Activity: Pick out the lines in the listing below that contain the word "also" and copy them.

Supplied information:
lemma sum_of_bool_mult_single:
  assumes "finite A" "\<And>v. v \<in> A \<Longrightarrow> Y v = of_bool (v = w)"
  shows "(\<Sum>v\<in>A. of_bool (P v) * Y v) = (of_bool (w \<in> A \<and> P w) :: nat)"
proof -
  have "(\<Sum>v\<in>A. of_bool (P v) * Y v) = (\<Sum>v\<in>A. if v = w then of_bool (P w) else 0)"
    using assms(2) by (intro sum.cong) auto
  then show ?thesis
    using assms(1) by simp
qed

lemma outdeg_tour:
  assumes "\<sigma> permutes {1..n}"
  shows "outdeg n (tour n) Y \<sigma> =
    (\<Sum>u\<in>{1..n}. \<Sum>v\<in>{1..n} - {u}. of_bool (inv \<sigma> v < inv \<sigma> u) * Y u v)"
proof -
  have inv: "inv \<sigma> permutes {1..n}"
    using assms by (rule permutes_inv)
  have bij: "bij_betw (inv \<sigma>) ({1..n} - {u}) ({1..n} - {inv \<sigma> u})" if "u \<in> {1..n}" for u
    using permutes_imp_bij[OF inv] by (rule bij_betw_DiffI) (use that permutes_in_image[OF inv] in auto)
  have "outdeg n (tour n) Y \<sigma> =
      (\<Sum>u\<in>{1..n}. \<Sum>b\<in>{1..n} - {inv \<sigma> u}. tour n (inv \<sigma> u) b * Y u (\<sigma> b))"
    unfolding outdeg_def
    by (subst sum.reindex_bij_betw[OF permutes_imp_bij[OF inv], symmetric])
       (simp add: permutes_inverses[OF assms])
  also have "\<dots> = (\<Sum>u\<in>{1..n}. \<Sum>v\<in>{1..n} - {u}. tour n (inv \<sigma> u) (inv \<sigma> v) * Y u v)"
  proof (rule sum.cong[OF refl])
    fix u assume "u \<in> {1..n}"
    then show "(\<Sum>b\<in>{1..n} - {inv \<sigma> u}. tour n (inv \<sigma> u) b * Y u (\<sigma> b)) =
        (\<Sum>v\<in>{1..n} - {u}. tour n (inv \<sigma> u) (inv \<sigma> v) * Y u v)"
      by (subst sum.reindex_bij_betw[OF bij, symmetric]) (simp_all add: permutes_inverses[OF assms])
  qed
  also have "\<dots> = (\<Sum>u\<in>{1..n}. \<Sum>v\<in>{1..n} - {u}. of_bool (inv \<sigma> v < inv \<sigma> u) * Y u v)"
    using permutes_in_image[OF inv] by (intro sum.cong refl) (auto simp: tour_def)
  finally show ?thesis .
qed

Exercise result:
  also have "\<dots> = (\<Sum>u\<in>{1..n}. \<Sum>v\<in>{1..n} - {u}. tour n (inv \<sigma> u) (inv \<sigma> v) * Y u v)"
  also have "\<dots> = (\<Sum>u\<in>{1..n}. \<Sum>v\<in>{1..n} - {u}. of_bool (inv \<sigma> v < inv \<sigma> u) * Y u v)"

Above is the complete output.